I have looked through various threads and have not found any to answer my question. I was wondering when using lead free solder is there a drastic difference in color between the solder and bare metal
From pictures I have seen of guys using it the difference is about the same as with the regular lead/tin varieties.
No. The aerospace industry has used lead free solder now for some time. It is the same when viewed with the naked eye. It is though a little different when viewed using a 5x or higher magnifying glass. It also "grows" with age (microscopically) so the board designers need to design around this. Mike
I have not used it but have heard that it is a little more difficult to flow and work than traditional lead.
Fortunately I've never had to use the stuff. Some of my guitar amp building buddies in countries where leaded solder is prohibited, or who sell products to those countries, have plenty of horror stories regarding lead free solder, namely poor joint integrity, ugly joints and "whiskers" that cause short circuits and inductive distortion. To answer the question, from my understanding lead free solder joints tend to be dull grey, not shiny, and not smooth like leaded solder, the appearance is like a cold solder joint. http://documents.rs-components.com/EITC/UK/generalFiles/soldering_and_RoHS.pdf https://www.quora.com/What-are-the-disadvantages-of-lead-free-solder-vs-lead-solder http://aaq.auburn.edu/node/88
You can still get lead solder at stained glass shops. Pricey, though. And, it is occasionally on sale. You ned to use a compatible flux. There is also a very slight difference among the lead solders-50/50 v slightly different from 60-40 but you probably won't be able to tell.

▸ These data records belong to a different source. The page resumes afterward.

(* Let $k$ be a field. The map sending a generic configuration of four flags $([x_m],[f_m])_{1\le m\le 4}$ in $k^3$ to the $4$-tuple $(z_{12},z_{21},z_{34},z_{43})$ of its edge coordinates induces a bijection from the set of generic configurations of four flags modulo the diagonal action of $\mathrm{PGL}(3,k)$ onto $(k\setminus\{0,1\})^4$. In other words, a tetrahedron of flags is parametrized by the $4$-tuple $(z_{12},z_{21},z_{34},z_{43})$ of elements of $k\setminus\{0,1\}$.
   Context: A flag in $V=k^3$ is a pair $([x],[f])\in\mathbb{P}(V)\times\mathbb{P}(V^* )$ with $f(x)=0$. A tetrahedron of flags (generic configuration of four flags) is an ordered $4$-tuple of flags $([x_m],[f_m])$ such that the points $[x_m]$ are pairwise distinct with no three collinear, and $f_m(x_n)\neq0$ for $m\neq n$. For distinct $i,j$, choose $k',l$ with $(1,2,3,4)\mapsto(i,j,k',l)$ an even permutation and set $z_{ij}=\frac{f_i(x_{k'})\det(x_i,x_j,x_l)}{f_i(x_l)\det(x_i,x_j,x_{k'})}$ (equivalently, the cross-ratio $[\ker f_i,(x_ix_j),(x_ix_{k'}),(x_ix_l)]$ in the pencil of lines through $[x_i]$, with the convention that the cross-ratio of $p_1,p_2,p_3,p_4$ is $\frac{(p_1-p_3)(p_2-p_4)}{(p_1-p_4)(p_2-p_3)}$). *)

theory Defs
  imports "HOL-Analysis.Analysis"
begin

text \<open>Vectors of V = k^3 and covectors of V* are both represented as elements of 'k^3.
  The pairing of a covector f with a vector x is f(x).\<close>

definition pairing :: "'k::field ^ 3 \<Rightarrow> 'k ^ 3 \<Rightarrow> 'k" where
  "pairing f x = (\<Sum>i\<in>UNIV. f $ i * x $ i)"

definition det3 :: "'k::field ^ 3 \<Rightarrow> 'k ^ 3 \<Rightarrow> 'k ^ 3 \<Rightarrow> 'k" where
  "det3 x y z = det (vector [x, y, z] :: 'k ^ 3 ^ 3)"

text \<open>A configuration of four flags is a list of four pairs (x_m, f_m) of representatives;
  the m-th flag (m = 1..4) is at list position m - 1.\<close>

type_synonym 'k config4 = "(('k ^ 3) \<times> ('k ^ 3)) list"

definition pt :: "'k config4 \<Rightarrow> nat \<Rightarrow> 'k ^ 3" where
  "pt F m = fst (F ! (m - 1))"

definition cv :: "'k config4 \<Rightarrow> nat \<Rightarrow> 'k ^ 3" where
  "cv F m = snd (F ! (m - 1))"

definition is_flag :: "('k::field ^ 3) \<times> ('k ^ 3) \<Rightarrow> bool" where
  "is_flag p \<longleftrightarrow> fst p \<noteq> 0 \<and> snd p \<noteq> 0 \<and> pairing (snd p) (fst p) = 0"

definition generic_config :: "'k::field config4 \<Rightarrow> bool" where
  "generic_config F \<longleftrightarrow>
     length F = 4 \<and> (\<forall>p\<in>set F. is_flag p) \<and>
     (\<forall>m\<in>{1..4}. \<forall>n\<in>{1..4}. m \<noteq> n \<longrightarrow> (\<forall>c. pt F m \<noteq> c *s pt F n)) \<and>
     (\<forall>m\<in>{1..4}. \<forall>n\<in>{1..4}. \<forall>p\<in>{1..4}. m \<noteq> n \<and> n \<noteq> p \<and> m \<noteq> p \<longrightarrow>
        det3 (pt F m) (pt F n) (pt F p) \<noteq> 0) \<and>
     (\<forall>m\<in>{1..4}. \<forall>n\<in>{1..4}. m \<noteq> n \<longrightarrow> pairing (cv F m) (pt F n) \<noteq> 0)"

definition generic_configs :: "'k::field config4 set" where
  "generic_configs = {F. generic_config F}"

text \<open>Diagonal action of PGL(3,k) on configurations of flags, modulo rescaling of
  representatives: g.([x],[f]) = ([g x],[f \<circ> g^{-1}]).\<close>

definition pgl_equiv :: "'k::field config4 rel" where
  "pgl_equiv = {(F, G). length F = 4 \<and> length G = 4 \<and>
     (\<exists>(A :: 'k ^ 3 ^ 3) B. A ** B = mat 1 \<and> B ** A = mat 1 \<and>
       (\<forall>m\<in>{1..4}. \<exists>a b. a \<noteq> 0 \<and> b \<noteq> 0 \<and>
          pt G m = a *s (A *v pt F m) \<and> cv G m = b *s (cv F m v* B)))}"

text \<open>Edge coordinate z_ij, where (i,j,k,l) is an even permutation of (1,2,3,4).\<close>

definition zc :: "'k::field config4 \<Rightarrow> nat \<Rightarrow> nat \<Rightarrow> nat \<Rightarrow> nat \<Rightarrow> 'k" where
  "zc F i j k l =
     (pairing (cv F i) (pt F k) * det3 (pt F i) (pt F j) (pt F l)) /
     (pairing (cv F i) (pt F l) * det3 (pt F i) (pt F j) (pt F k))"

text \<open>(z12, z21, z34, z43); the even completions are (1,2,3,4), (2,1,4,3), (3,4,1,2), (4,3,2,1).\<close>

definition edge_coords :: "'k::field config4 \<Rightarrow> 'k \<times> 'k \<times> 'k \<times> 'k" where
  "edge_coords F = (zc F 1 2 3 4, zc F 2 1 4 3, zc F 3 4 1 2, zc F 4 3 2 1)"

end

theory Submission
  imports Defs
begin

text \<open>Edge coordinates are projective invariants: acting by an invertible matrix and rescaling
  the representatives multiplies numerator and denominator of each z_ij by the same nonzero
  constant. Conversely, the four points of a generic configuration form a projective frame, so
  a projective transformation moves them to e1, e2, e3, e1 + e2 + e3. Each covector then vanishes
  on its own point and on none of the others, which leaves it a single degree of freedom up to
  scale, and that freedom is read off from one edge coordinate. Hence every generic
  configuration is equivalent to an explicit normal form determined by (z12, z21, z34, z43),
  and this normal form is generic exactly when all four coordinates avoid 0 and 1.\<close>

lemma pairing_exp: "pairing f x = f$1 * x$1 + f$2 * x$2 + f$3 * x$3"
  by (simp add: pairing_def sum_3)

lemma det3_exp: "det3 x y z =
    x$1 * y$2 * z$3 + x$2 * y$3 * z$1 + x$3 * y$1 * z$2
  - x$1 * y$3 * z$2 - x$2 * y$1 * z$3 - x$3 * y$2 * z$1"
  by (simp add: det3_def det_3)

lemma ball_1_to_4: "(\<forall>m\<in>{1..4::nat}. P m) \<longleftrightarrow> P 1 \<and> P 2 \<and> P 3 \<and> P 4"
  by (auto simp: le_Suc_eq numeral_eq_Suc)

lemma pairing_vector_matrix_mult: "pairing (f v* B) x = pairing f (B *v x)"
  by (simp add: pairing_def vector_matrix_mult_def matrix_vector_mult_def
      sum_distrib_left sum_distrib_right mult.assoc mult.left_commute) (rule sum.swap)

lemma pairing_scale: "pairing (b *s f) (a *s x) = b * a * pairing f x"
  by (simp add: pairing_def sum_distrib_left mult_ac)

lemma det3_scale: "det3 (a *s x) (b *s y) (c *s z) = a * b * c * det3 x y z"
  by (simp add: det3_exp algebra_simps)

lemma det3_matrix_vector_mult: "det3 (A *v x) (A *v y) (A *v z) = det A * det3 x y z"
proof -
  have "vector [A *v x, A *v y, A *v z] = (vector [x, y, z] :: 'a::field^3^3) ** transpose A"
    by (simp add: vec_eq_iff forall_3 matrix_matrix_mult_def matrix_vector_mult_def
        transpose_def mult.commute)
  then show ?thesis
    unfolding det3_def by (simp add: det_mul)
qed

lemma det3_cramer:
  "det3 x1 x2 x3 *s x4 = det3 x4 x2 x3 *s x1 + det3 x1 x4 x3 *s x2 + det3 x1 x2 x4 *s x3"
  by (simp add: vec_eq_iff forall_3 det3_exp algebra_simps)

lemma projective_frame:
  fixes x1 x2 x3 x4 :: "'k::field^3"
  assumes "det3 x1 x2 x3 \<noteq> 0" "det3 x4 x2 x3 \<noteq> 0" "det3 x1 x4 x3 \<noteq> 0" "det3 x1 x2 x4 \<noteq> 0"
  obtains A B :: "'k^3^3" and l1 l2 l3 :: 'k
  where "A ** B = mat 1" "B ** A = mat 1" "l1 \<noteq> 0" "l2 \<noteq> 0" "l3 \<noteq> 0"
    "l1 *s (A *v x1) = vector [1, 0, 0]" "l2 *s (A *v x2) = vector [0, 1, 0]"
    "l3 *s (A *v x3) = vector [0, 0, 1]" "A *v x4 = vector [1, 1, 1]"
proof -
  define l1 l2 l3 where l_def: "l1 = det3 x4 x2 x3 / det3 x1 x2 x3"
    "l2 = det3 x1 x4 x3 / det3 x1 x2 x3" "l3 = det3 x1 x2 x4 / det3 x1 x2 x3"
  have l: "l1 \<noteq> 0" "l2 \<noteq> 0" "l3 \<noteq> 0"
    using assms by (simp_all add: l_def)
  have x4: "x4 = l1 *s x1 + l2 *s x2 + l3 *s x3"
    using det3_cramer[of x1 x2 x3 x4] assms(1)
    by (simp add: l_def vec_eq_iff forall_3 field_simps)
  \<comment> \<open>B maps e1, e2, e3 to l1 x1, l2 x2, l3 x3, and by Cramer's rule e1 + e2 + e3 to x4.\<close>
  define B :: "'k^3^3" where "B = transpose (vector [l1 *s x1, l2 *s x2, l3 *s x3])"
  have Bv: "B *v v = v$1 *s (l1 *s x1) + v$2 *s (l2 *s x2) + v$3 *s (l3 *s x3)" for v
    unfolding B_def
    by (simp add: vec_eq_iff forall_3 matrix_vector_mult_def sum_3 transpose_def mult.commute)
  have "det B = l1 * l2 * l3 * det3 x1 x2 x3"
    unfolding B_def det_transpose det3_def[symmetric] by (simp add: det3_exp algebra_simps)
  then have "invertible B"
    using assms(1) l by (simp add: invertible_det_nz)
  then obtain A where AB: "A ** B = mat 1" "B ** A = mat 1"
    unfolding invertible_def by blast
  have "A *v (B *v v) = v" for v
    using AB by (simp add: matrix_vector_mul_assoc)
  from this[of "vector [1, 0, 0]"] this[of "vector [0, 1, 0]"]
    this[of "vector [0, 0, 1]"] this[of "vector [1, 1, 1]"]
  show thesis
    using AB l by (intro that) (simp_all add: Bv x4 vector_scalar_commute)
qed

lemma bij_betw_quotient_the_elem:
  assumes r: "equiv U r" and "C \<subseteq> U" and f: "f respects r" and "f ` C = T"
    and reflect: "\<And>x y. x \<in> C \<Longrightarrow> y \<in> C \<Longrightarrow> f x = f y \<Longrightarrow> (x, y) \<in> r"
  shows "bij_betw (\<lambda>X. the_elem (f ` X)) (C // r) T"
proof -
  have the_elem_class: "the_elem (f ` r``{x}) = f x" if "x \<in> C" for x
  proof -
    have "x \<in> r``{x}"
      using equiv_class_self[OF r] \<open>C \<subseteq> U\<close> that by blast
    moreover have "f y = f x" if "y \<in> r``{x}" for y
      using that congruentD[OF f] by (metis Image_singleton_iff)
    ultimately have "f ` r``{x} = {f x}"
      by blast
    then show ?thesis
      by simp
  qed
  show ?thesis
  proof (rule bij_betwI')
    fix X Y assume "X \<in> C // r" "Y \<in> C // r"
    then obtain x y where xy: "x \<in> C" "X = r``{x}" "y \<in> C" "Y = r``{y}"
      by (auto elim!: quotientE)
    then have "f x = f y \<longleftrightarrow> r``{x} = r``{y}"
      using reflect equiv_class_eq[OF r] eq_equiv_class[OF _ r] \<open>C \<subseteq> U\<close> congruentD[OF f]
      by blast
    then show "(the_elem (f ` X) = the_elem (f ` Y)) = (X = Y)"
      using the_elem_class xy by simp
  next
    show "the_elem (f ` X) \<in> T" if "X \<in> C // r" for X
      using that the_elem_class \<open>f ` C = T\<close> by (auto elim!: quotientE)
  next
    show "\<exists>X\<in>C // r. t = the_elem (f ` X)" if t: "t \<in> T" for t
    proof -
      obtain x where "x \<in> C" "t = f x"
        using t \<open>f ` C = T\<close> by blast
      then show ?thesis
        using the_elem_class quotientI by metis
    qed
  qed
qed

definition maps_flags :: "'k::field^3^3 \<Rightarrow> 'k^3^3 \<Rightarrow> 'k config4 \<Rightarrow> 'k config4 \<Rightarrow> bool" where
  "maps_flags A B F G \<longleftrightarrow> (\<forall>m\<in>{1..4}. \<exists>a b. a \<noteq> 0 \<and> b \<noteq> 0 \<and>
     pt G m = a *s (A *v pt F m) \<and> cv G m = b *s (cv F m v* B))"

lemma pgl_equiv_iff:
  "(F, G) \<in> pgl_equiv \<longleftrightarrow> length F = 4 \<and> length G = 4 \<and>
     (\<exists>A B. A ** B = mat 1 \<and> B ** A = mat 1 \<and> maps_flags A B F G)"
  unfolding pgl_equiv_def maps_flags_def by auto

lemma maps_flags_id: "maps_flags (mat 1) (mat 1) F F"
  unfolding maps_flags_def by (auto intro!: exI[of _ 1])

lemma maps_flags_inverse:
  assumes "A ** B = mat 1" "B ** A = mat 1" "maps_flags A B F G"
  shows "maps_flags B A G F"
  unfolding maps_flags_def
proof
  fix m :: nat assume "m \<in> {1..4}"
  with assms(3) obtain a b where ab: "a \<noteq> 0" "b \<noteq> 0"
    "pt G m = a *s (A *v pt F m)" "cv G m = b *s (cv F m v* B)"
    unfolding maps_flags_def by blast
  then have "pt F m = inverse a *s (B *v pt G m)" "cv F m = inverse b *s (cv G m v* A)"
    using assms(1,2) by (simp_all add: vector_scalar_commute scalar_vector_matrix_assoc
        matrix_vector_mul_assoc vector_matrix_mul_assoc)
  then show "\<exists>a b. a \<noteq> 0 \<and> b \<noteq> 0 \<and> pt F m = a *s (B *v pt G m) \<and> cv F m = b *s (cv G m v* A)"
    using ab by (metis inverse_nonzero_iff_nonzero)
qed

lemma maps_flags_comp:
  assumes "maps_flags A B F G" "maps_flags A' B' G H"
  shows "maps_flags (A' ** A) (B ** B') F H"
  unfolding maps_flags_def
proof
  fix m :: nat assume m: "m \<in> {1..4}"
  obtain a b where "a \<noteq> 0" "b \<noteq> 0" "pt G m = a *s (A *v pt F m)" "cv G m = b *s (cv F m v* B)"
    using assms(1) m unfolding maps_flags_def by blast
  moreover obtain a' b' where "a' \<noteq> 0" "b' \<noteq> 0"
    "pt H m = a' *s (A' *v pt G m)" "cv H m = b' *s (cv G m v* B')"
    using assms(2) m unfolding maps_flags_def by blast
  ultimately show "\<exists>a b. a \<noteq> 0 \<and> b \<noteq> 0 \<and>
      pt H m = a *s ((A' ** A) *v pt F m) \<and> cv H m = b *s (cv F m v* (B ** B'))"
    by (intro exI[of _ "a' * a"] exI[of _ "b' * b"])
      (simp add: vector_scalar_commute matrix_vector_mul_assoc scalar_vector_matrix_assoc
        vector_matrix_mul_assoc)
qed

lemma pgl_equiv_refl: "length F = 4 \<Longrightarrow> (F, F) \<in> pgl_equiv"
  unfolding pgl_equiv_iff using maps_flags_id by (metis matrix_mul_lid)

lemma equiv_pgl_equiv: "equiv {F. length F = 4} (pgl_equiv :: 'k::field config4 rel)"
proof (rule equivI)
  show "refl_on {F. length F = 4} (pgl_equiv :: 'k config4 rel)"
    by (rule refl_onI) (auto intro: pgl_equiv_refl)
  show "sym (pgl_equiv :: 'k config4 rel)"
    by (auto simp: sym_def pgl_equiv_iff intro: maps_flags_inverse)
  show "trans (pgl_equiv :: 'k config4 rel)"
  proof (rule transI)
    fix F G H :: "'k config4"
    assume "(F, G) \<in> pgl_equiv" "(G, H) \<in> pgl_equiv"
    then obtain A B A' B' where "A ** B = mat 1" "B ** A = mat 1" "maps_flags A B F G"
      "A' ** B' = mat 1" "B' ** A' = mat 1" "maps_flags A' B' G H" "length F = 4" "length H = 4"
      unfolding pgl_equiv_iff by blast
    moreover have "(A' ** A) ** (B ** B') = mat 1" "(B ** B') ** (A' ** A) = mat 1"
      using calculation by (metis matrix_mul_assoc matrix_mul_lid)+
    ultimately show "(F, H) \<in> pgl_equiv"
      unfolding pgl_equiv_iff by (blast intro: maps_flags_comp)
  qed
qed (auto simp: pgl_equiv_iff)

I am assuming he means body solder not solder for doing wiring when he is concerned with it matching metal.
Yep, threw me off, I've been reading threads on body solder technique since I posted. I'll get with it here pretty soon. Now that I see it, I need to learn it, couple places this could have saved me some trouble.
I use Eastwood lead free and it does fine and you can grind it not like the other solder.Price is a little higher but what isn't
http://www.eastwood.com/autobody/leading-body-solder.html?SRCCODE=MN030110 I've used both lead/tin and lead free solder for plumbing and stained glass work. While I have not done lead body work, in my opinion, lead works better, flows better, seals better than the LF. It is definitely less safe and you need good ventilation/respirator if you are working it. I would never use anything but LF on drinking water plumbing.